Building Machine Learning And Deep Learning Models On Google Cloud Platform


Building Machine Learning And Deep Learning Models On Google Cloud Platform
DOWNLOAD

Author : Ekaba Bisong
language : en
Publisher: Apress
Release Date : 2019-09-27

Building Machine Learning And Deep Learning Models On Google Cloud Platform written by Ekaba Bisong and has been published by Apress this book supported file pdf, txt, epub, kindle and other format this book has been release on 2019-09-27 with Computers categories.

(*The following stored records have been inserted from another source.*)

(* Let $\gamma\in(0,2)$, $d\ge1$ and $G\in\mathscr S^d_{\gamma,0}$. Then there exist $H^G_2\in L^1(\mathbb R^d)$ and a constant $C_2=C_2(G)>0$ such that for all $\hat u\in\mathbb R^d$, $$\sup_{s\in[0,T]}|\Delta^{\gamma/2}_\star G_s(\hat u)|\le H^G_2(\hat u)\le C_2\big(1+|u_d|^{-\gamma/2}\big)$$ (the right-hand side being $+\infty$ when $u_d=0$).
   Context: Fix $T>0$; $c_\gamma>0$ with $\sum_{\hat z\ne0}c_\gamma|\hat z|^{-d-\gamma}=1$. Write $\hat u=(\hat u_\star,u_d)$, $\mathbb R^{d\star}_\pm=\mathbb R^{d-1}\times\{\pm u_d>0\}$. For open $\mathcal O$: $\Delta^{\gamma/2}_{\mathcal O}G(\hat u)=\mathbb 1_{\mathcal O}(\hat u)c_\gamma\lim_{\varepsilon\to0^+}\int_{\mathcal O\cap\{|\hat v-\hat u|\ge\varepsilon\}}\frac{G(\hat u)-G(\hat v)}{|\hat v-\hat u|^{d+\gamma}}\mathrm d\hat v$, and $\Delta^{\gamma/2}_\star=\Delta^{\gamma/2}_{\mathbb R^{d\star}_-}+\Delta^{\gamma/2}_{\mathbb R^{d\star}_+}$. For $k\in\mathbb N$, $\mathscr S^k(\mathbb R^d)$ is the set of continuous $G:[0,\infty)\times\mathbb R^d\to\mathbb R$ whose spatial partial derivatives up to order $k$ exist and are continuous, with $\sup_{(s,\hat u)\in[0,T]\times\mathbb R^d}|\hat u|^r[G_s]_j(\hat u)<\infty$ for all $r\in\mathbb N$, $j\le k$, where $[G_s]_j=|G_s|+\sum_{m=1}^j\sum_{i_1,\dots,i_m}|\partial_{i_1}\cdots\partial_{i_m}G_s|$. $\mathscr S^k_c(\mathbb R^d)$: those vanishing, for all $s\in[0,T]$, outside some compact set. $\mathscr S^d_\gamma=\mathscr S^2_c(\mathbb R^d)$ if $\gamma\in(0,1]$ or $d\ge2$, $\mathscr S^2(\mathbb R)$ if $d=1,\gamma\in(1,2)$. $\mathscr S^d_{\gamma,0}$: functions $G:[0,T]\times\mathbb R^d\to\mathbb R$ for which there are $G^\pm\in\mathscr S^d_\gamma$ with $G_s(\hat u)=\mathbb 1_{u_d<0}G^-_s(\hat u)+\mathbb 1_{u_d\ge0}G^+_s(\hat u)$ for all $s,\hat u$. *)

theory Defs
  imports "HOL-Analysis.Analysis"
begin

text \<open>Space R^d is modelled as real^'n with d = CARD('n); the distinguished
  ("last") coordinate u_d is a fixed index k :: 'n.\<close>

definition c_gamma :: "real \<Rightarrow> ('n::finite) itself \<Rightarrow> real" where
  "c_gamma \<gamma> _ = inverse (infsum (\<lambda>z::real^'n. norm z powr (- (real CARD('n) + \<gamma>)))
      {z. (\<forall>i. z $ i \<in> \<int>) \<and> z \<noteq> 0})"

definition pd :: "'n::finite \<Rightarrow> (real^'n \<Rightarrow> real) \<Rightarrow> real^'n \<Rightarrow> real" where
  "pd i f u = deriv (\<lambda>t. f (u + t *\<^sub>R axis i 1)) 0"

fun pdl :: "'n::finite list \<Rightarrow> (real^'n \<Rightarrow> real) \<Rightarrow> real^'n \<Rightarrow> real" where
  "pdl [] f = f"
| "pdl (i # is) f = pd i (pdl is f)"

definition bracket :: "nat \<Rightarrow> (real^'n::finite \<Rightarrow> real) \<Rightarrow> real^'n \<Rightarrow> real" where
  "bracket j f u = (\<Sum>m\<le>j. \<Sum>is\<in>{is :: 'n list. length is = m}. \<bar>pdl is f u\<bar>)"
lemma span_integral_linear_image:
  fixes B :: "'a::real_normed_vector set"
  assumes B: "finite B" "independent B" and f: "continuous_on UNIV f" "\<And>s. f s \<in> span B"
    and L: "linear L" "\<And>x. x \<in> span B \<Longrightarrow> L x \<in> span B"
  shows "L (span_integral B f a b) = span_integral B (\<lambda>s. L (f s)) a b"
proof -
  let ?c = "representation B"
  define I where "I v = integral {a..b} (\<lambda>s. ?c (f s) v)" for v
  have Lf: "?c (L (f s)) u = (\<Sum>v\<in>B. ?c (f s) v * ?c (L v) u)" for s u
  proof -
    have Lv: "L v \<in> span B" if "v \<in> B" for v using L(2) span_base that by blast
    have "L (f s) = L (\<Sum>v\<in>B. ?c (f s) v *\<^sub>R v)"
      using sum_representation_eq[OF B(2) f(2) B(1) order_refl, of s] by simp
    also have "\<dots> = (\<Sum>v\<in>B. ?c (f s) v *\<^sub>R L v)"
      by (simp add: linear_sum[OF L(1)] linear_scale[OF L(1)])
    finally have "?c (L (f s)) u = (\<Sum>v\<in>B. ?c (?c (f s) v *\<^sub>R L v) u)"
      using representation_sum[OF B(2), of B "\<lambda>v. ?c (f s) v *\<^sub>R L v"] Lv by (simp add: span_scale)
    also have "\<dots> = (\<Sum>v\<in>B. ?c (f s) v * ?c (L v) u)"
      using Lv by (simp add: representation_scale[OF B(2)])
    finally show ?thesis .
  qed
  have int: "(\<lambda>s. ?c (f s) v) integrable_on {a..b}" for v
    by (rule integrable_continuous_real continuous_on_subset[OF continuous_on_representation[OF B f] subset_UNIV])+
  have "integral {a..b} (\<lambda>s. ?c (L (f s)) u) = (\<Sum>v\<in>B. I v * ?c (L v) u)" for u
    unfolding Lf I_def
    by (subst integral_sum[OF B(1)]) (simp_all add: int integrable_on_mult_left flip: integral_mult_left)
  then have "span_integral B (\<lambda>s. L (f s)) a b = (\<Sum>u\<in>B. \<Sum>v\<in>B. (I v * ?c (L v) u) *\<^sub>R u)"
    by (simp add: span_integral_def scaleR_sum_left)
  also have "\<dots> = (\<Sum>v\<in>B. I v *\<^sub>R (\<Sum>u\<in>B. ?c (L v) u *\<^sub>R u))"
    by (subst sum.swap) (simp add: scaleR_sum_right)
  also have "\<dots> = (\<Sum>v\<in>B. I v *\<^sub>R L v)"
    using sum_representation_eq[OF B(2) L(2)[OF span_base] B(1) order_refl] by simp
  also have "\<dots> = L (span_integral B f a b)"
    by (simp add: span_integral_def I_def linear_sum[OF L(1)] linear_scale[OF L(1)])
  finally show ?thesis ..
qed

Take a systematic approach to understanding the fundamentals of machine learning and deep learning from the ground up and how they are applied in practice. You will use this comprehensive guide for building and deploying learning models to address complex use cases while leveraging the computational resources of Google Cloud Platform. Author Ekaba Bisong shows you how machine learning tools and techniques are used to predict or classify events based on a set of interactions between variables known as features or attributes in a particular dataset. He teaches you how deep learning extends the machine learning algorithm of neural networks to learn complex tasks that are difficult for computers to perform, such as recognizing faces and understanding languages. And you will know how to leverage cloud computing to accelerate data science and machine learning deployments. Building Machine Learning and Deep Learning Models on Google Cloud Platform is divided into eight parts that cover the fundamentals of machine learning and deep learning, the concept of data science and cloud services, programming for data science using the Python stack, Google Cloud Platform (GCP) infrastructure and products, advanced analytics on GCP, and deploying end-to-end machine learning solution pipelines on GCP. What You’ll Learn Understand the principles and fundamentals of machine learning and deep learning, the algorithms, how to use them, when to use them, and how to interpret your resultsKnow the programming concepts relevant to machine and deep learning design and development using the Python stack Build and interpret machine and deep learning models Use Google Cloud Platform tools and services to develop and deploy large-scale machine learning and deep learning products Be aware of the different facets and design choices to consider when modeling a learning problem Productionalize machine learning models into software products Who This Book Is For Beginners to the practice of data science and applied machine learning, data scientists at all levels, machine learning engineers, Google Cloud Platform data engineers/architects, and software developers



Data Science For Business 2019 2 Books In 1


Data Science For Business 2019 2 Books In 1
DOWNLOAD

Author : Matt Henderson
language : en
Publisher:
Release Date : 2019-04-07

Data Science For Business 2019 2 Books In 1 written by Matt Henderson and has been published by this book supported file pdf, txt, epub, kindle and other format this book has been release on 2019-04-07 with categories.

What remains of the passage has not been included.